Line by line, copy out the data that follows.

Saved data entries:
Content starts

section \<open>The normalised sublevel set\<close>

definition normalized_sublevel ::
  "(int^'d \<Rightarrow> (int^'d \<Rightarrow> real) \<Rightarrow> real) \<Rightarrow> ('d \<Rightarrow> int^'d) \<Rightarrow> ('d \<Rightarrow> int) \<Rightarrow> real \<Rightarrow>
   (int^'d \<Rightarrow> real) set" where
  "normalized_sublevel S p q M = {x \<in> Xpq p q. 0 \<le> x 0 \<and> x 0 \<le> 1 \<and> Wpq S p x \<le> M}"

definition normalize_config :: "(int^'d \<Rightarrow> real) \<Rightarrow> (int^'d \<Rightarrow> real)" where
  "normalize_config x = (\<lambda>i. x i + real_of_int (- \<lfloor>x 0\<rfloor>))"

lemma normalize_in_sublevel:
  assumes "local_potentials S" "x \<in> Xpq p q" "Wpq S p x \<le> M"
  shows "normalize_config x \<in> normalized_sublevel S p q M" and "Wpq S p (normalize_config x) = Wpq S p x"
proof -
  show W: "Wpq S p (normalize_config x) = Wpq S p x"
    unfolding normalize_config_def by (rule Wpq_add_const[OF assms(1)])
  have "normalize_config x \<in> Xpq p q"
    unfolding normalize_config_def by (rule Xpq_add_const[OF assms(2)])
  moreover have "0 \<le> normalize_config x 0 \<and> normalize_config x 0 \<le> 1"
    unfolding normalize_config_def by simp linarith
  ultimately show "normalize_config x \<in> normalized_sublevel S p q M"
    unfolding normalized_sublevel_def using W assms(3) by simp
qed

text \<open>The normalised sublevel set lies in a box: |x i| \<le> 1 + R * l1norm i.\<close>
lemma normalized_sublevel_in_box:
  assumes "local_potentials S" "lin_indep_cols p"
  obtains c where "normalized_sublevel S p q M \<subseteq> config_box c"
proof -
  obtain R where R: "\<And>x j e. x \<in> Xpq p q \<Longrightarrow> Wpq S p x \<le> M \<Longrightarrow> l1norm e = 1 \<Longrightarrow>
      \<bar>x (e + j) - x j\<bar> \<le> R"
    using neighbour_bound[OF assms] by blast
  have "normalized_sublevel S p q M \<subseteq> config_box (\<lambda>i. 1 + R * real_of_int (l1norm i))"
  proof
    fix x assume "x \<in> normalized_sublevel S p q M"
    then have x: "x \<in> Xpq p q" "Wpq S p x \<le> M" "0 \<le> x 0" "x 0 \<le> 1"
      unfolding normalized_sublevel_def by auto
    have "\<bar>x i\<bar> \<le> 1 + R * real_of_int (l1norm i)" for i
      using path_bound[OF R[OF x(1,2)], of i] x(3,4) unfolding abs_le_iff by linarith
    then show "x \<in> config_box (\<lambda>i. 1 + R * real_of_int (l1norm i))"
      by (simp add: config_box_def)
  qed
  then show ?thesis by (rule that)
qed

text \<open>A closed subset of a box on which W is continuous, hence compact.\<close>
lemma compact_normalized_sublevel:
  assumes "local_potentials S"
    and box: "normalized_sublevel S p q M \<subseteq> config_box c"
  shows "compact (normalized_sublevel S p q M)"
proof -
  let ?K = "normalized_sublevel S p q M"
  have "closed (config_box c \<inter> Wpq S p -` {..M})"
    by (intro continuous_closed_preimage continuous_on_Wpq[OF assms(1)]
        compact_imp_closed[OF compact_config_box]) simp
  moreover have "closed {x::int^'d \<Rightarrow> real. 0 \<le> x 0 \<and> x 0 \<le> 1}"
    by (intro closed_Collect_conj closed_Collect_le continuous_intros) simp_all
  ultimately have "closed ((config_box c \<inter> Wpq S p -` {..M}) \<inter> (Xpq p q \<inter> {x. 0 \<le> x 0 \<and> x 0 \<le> 1}))"
    by (rule closed_Int[OF _ closed_Int[OF closed_Xpq]])
  moreover have "?K = (config_box c \<inter> Wpq S p -` {..M}) \<inter> (Xpq p q \<inter> {x. 0 \<le> x 0 \<and> x 0 \<le> 1})"
    using box unfolding normalized_sublevel_def by auto
  ultimately have "compact (config_box c \<inter> ?K)"
    using compact_config_box by (intro compact_Int_closed) simp_all
  moreover have "config_box c \<inter> ?K = ?K" using box by blast
  ultimately show ?thesis by simp
qed

theorem mainTheorem3:
  fixes S :: "int^'d \<Rightarrow> (int^'d \<Rightarrow> real) \<Rightarrow> real"
    and p :: "'d \<Rightarrow> int^'d"
    and q :: "'d \<Rightarrow> int"
  assumes "local_potentials S"
    and "lin_indep_cols p"
  shows "\<exists>x\<in>Xpq p q. \<forall>y\<in>Xpq p q. Wpq S p x \<le> Wpq S p y"
proof -
  obtain x0 where x0: "x0 \<in> Xpq p q" using Xpq_nonempty[OF assms(2)] by blast
  define K where "K = normalized_sublevel S p q (Wpq S p x0)"
  obtain c where box: "K \<subseteq> config_box c"
    using normalized_sublevel_in_box[OF assms] unfolding K_def by blast
  have x0K: "normalize_config x0 \<in> K" and W_x0: "Wpq S p (normalize_config x0) = Wpq S p x0"
    using normalize_in_sublevel[OF assms(1) x0 order_refl] unfolding K_def by auto
  obtain x where xK: "x \<in> K" and min: "\<And>y. y \<in> K \<Longrightarrow> Wpq S p x \<le> Wpq S p y"
    using continuous_attains_inf[OF compact_normalized_sublevel[OF assms(1) box[unfolded K_def]]]
      continuous_on_subset[OF continuous_on_Wpq[OF assms(1)] box] x0K
    unfolding K_def by blast
  have "Wpq S p x \<le> Wpq S p y" if y: "y \<in> Xpq p q" for y
  proof (cases "Wpq S p y \<le> Wpq S p x0")
    case True
    then show ?thesis
      using min normalize_in_sublevel[OF assms(1) y True] unfolding K_def by fastforce
  next
    case False
    then show ?thesis using min[OF x0K] W_x0 by linarith
  qed
  then show ?thesis using xK unfolding K_def normalized_sublevel_def by blast
qed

Content ends

WRITTEN SOLUTION:
section \<open>The normalised sublevel set\<close>

definition normalized_sublevel ::
  "(int^'d \<Rightarrow> (int^'d \<Rightarrow> real) \<Rightarrow> real) \<Rightarrow> ('d \<Rightarrow> int^'d) \<Rightarrow> ('d \<Rightarrow> int) \<Rightarrow> real \<Rightarrow>
   (int^'d \<Rightarrow> real) set" where
  "normalized_sublevel S p q M = {x \<in> Xpq p q. 0 \<le> x 0 \<and> x 0 \<le> 1 \<and> Wpq S p x \<le> M}"

definition normalize_config :: "(int^'d \<Rightarrow> real) \<Rightarrow> (int^'d \<Rightarrow> real)" where
  "normalize_config x = (\<lambda>i. x i + real_of_int (- \<lfloor>x 0\<rfloor>))"

lemma normalize_in_sublevel:
  assumes "local_potentials S" "x \<in> Xpq p q" "Wpq S p x \<le> M"
  shows "normalize_config x \<in> normalized_sublevel S p q M" and "Wpq S p (normalize_config x) = Wpq S p x"
proof -
  show W: "Wpq S p (normalize_config x) = Wpq S p x"
    unfolding normalize_config_def by (rule Wpq_add_const[OF assms(1)])
  have "normalize_config x \<in> Xpq p q"
    unfolding normalize_config_def by (rule Xpq_add_const[OF assms(2)])
  moreover have "0 \<le> normalize_config x 0 \<and> normalize_config x 0 \<le> 1"
    unfolding normalize_config_def by simp linarith
  ultimately show "normalize_config x \<in> normalized_sublevel S p q M"
    unfolding normalized_sublevel_def using W assms(3) by simp
qed

text \<open>The normalised sublevel set lies in a box: |x i| \<le> 1 + R * l1norm i.\<close>
lemma normalized_sublevel_in_box:
  assumes "local_potentials S" "lin_indep_cols p"
  obtains c where "normalized_sublevel S p q M \<subseteq> config_box c"
proof -
  obtain R where R: "\<And>x j e. x \<in> Xpq p q \<Longrightarrow> Wpq S p x \<le> M \<Longrightarrow> l1norm e = 1 \<Longrightarrow>
      \<bar>x (e + j) - x j\<bar> \<le> R"
    using neighbour_bound[OF assms] by blast
  have "normalized_sublevel S p q M \<subseteq> config_box (\<lambda>i. 1 + R * real_of_int (l1norm i))"
  proof
    fix x assume "x \<in> normalized_sublevel S p q M"
    then have x: "x \<in> Xpq p q" "Wpq S p x \<le> M" "0 \<le> x 0" "x 0 \<le> 1"
      unfolding normalized_sublevel_def by auto
    have "\<bar>x i\<bar> \<le> 1 + R * real_of_int (l1norm i)" for i
      using path_bound[OF R[OF x(1,2)], of i] x(3,4) unfolding abs_le_iff by linarith
    then show "x \<in> config_box (\<lambda>i. 1 + R * real_of_int (l1norm i))"
      by (simp add: config_box_def)
  qed
  then show ?thesis by (rule that)
qed

text \<open>A closed subset of a box on which W is continuous, hence compact.\<close>
lemma compact_normalized_sublevel:
  assumes "local_potentials S"
    and box: "normalized_sublevel S p q M \<subseteq> config_box c"
  shows "compact (normalized_sublevel S p q M)"
proof -
  let ?K = "normalized_sublevel S p q M"
  have "closed (config_box c \<inter> Wpq S p -` {..M})"
    by (intro continuous_closed_preimage continuous_on_Wpq[OF assms(1)]
        compact_imp_closed[OF compact_config_box]) simp
  moreover have "closed {x::int^'d \<Rightarrow> real. 0 \<le> x 0 \<and> x 0 \<le> 1}"
    by (intro closed_Collect_conj closed_Collect_le continuous_intros) simp_all
  ultimately have "closed ((config_box c \<inter> Wpq S p -` {..M}) \<inter> (Xpq p q \<inter> {x. 0 \<le> x 0 \<and> x 0 \<le> 1}))"
    by (rule closed_Int[OF _ closed_Int[OF closed_Xpq]])
  moreover have "?K = (config_box c \<inter> Wpq S p -` {..M}) \<inter> (Xpq p q \<inter> {x. 0 \<le> x 0 \<and> x 0 \<le> 1})"
    using box unfolding normalized_sublevel_def by auto
  ultimately have "compact (config_box c \<inter> ?K)"
    using compact_config_box by (intro compact_Int_closed) simp_all
  moreover have "config_box c \<inter> ?K = ?K" using box by blast
  ultimately show ?thesis by simp
qed

theorem mainTheorem3:
  fixes S :: "int^'d \<Rightarrow> (int^'d \<Rightarrow> real) \<Rightarrow> real"
    and p :: "'d \<Rightarrow> int^'d"
    and q :: "'d \<Rightarrow> int"
  assumes "local_potentials S"
    and "lin_indep_cols p"
  shows "\<exists>x\<in>Xpq p q. \<forall>y\<in>Xpq p q. Wpq S p x \<le> Wpq S p y"
proof -
  obtain x0 where x0: "x0 \<in> Xpq p q" using Xpq_nonempty[OF assms(2)] by blast
  define K where "K = normalized_sublevel S p q (Wpq S p x0)"
  obtain c where box: "K \<subseteq> config_box c"
    using normalized_sublevel_in_box[OF assms] unfolding K_def by blast
  have x0K: "normalize_config x0 \<in> K" and W_x0: "Wpq S p (normalize_config x0) = Wpq S p x0"
    using normalize_in_sublevel[OF assms(1) x0 order_refl] unfolding K_def by auto
  obtain x where xK: "x \<in> K" and min: "\<And>y. y \<in> K \<Longrightarrow> Wpq S p x \<le> Wpq S p y"
    using continuous_attains_inf[OF compact_normalized_sublevel[OF assms(1) box[unfolded K_def]]]
      continuous_on_subset[OF continuous_on_Wpq[OF assms(1)] box] x0K
    unfolding K_def by blast
  have "Wpq S p x \<le> Wpq S p y" if y: "y \<in> Xpq p q" for y
  proof (cases "Wpq S p y \<le> Wpq S p x0")
    case True
    then show ?thesis
      using min normalize_in_sublevel[OF assms(1) y True] unfolding K_def by fastforce
  next
    case False
    then show ?thesis using min[OF x0K] W_x0 by linarith
  qed
  then show ?thesis using xK unfolding K_def normalized_sublevel_def by blast
qed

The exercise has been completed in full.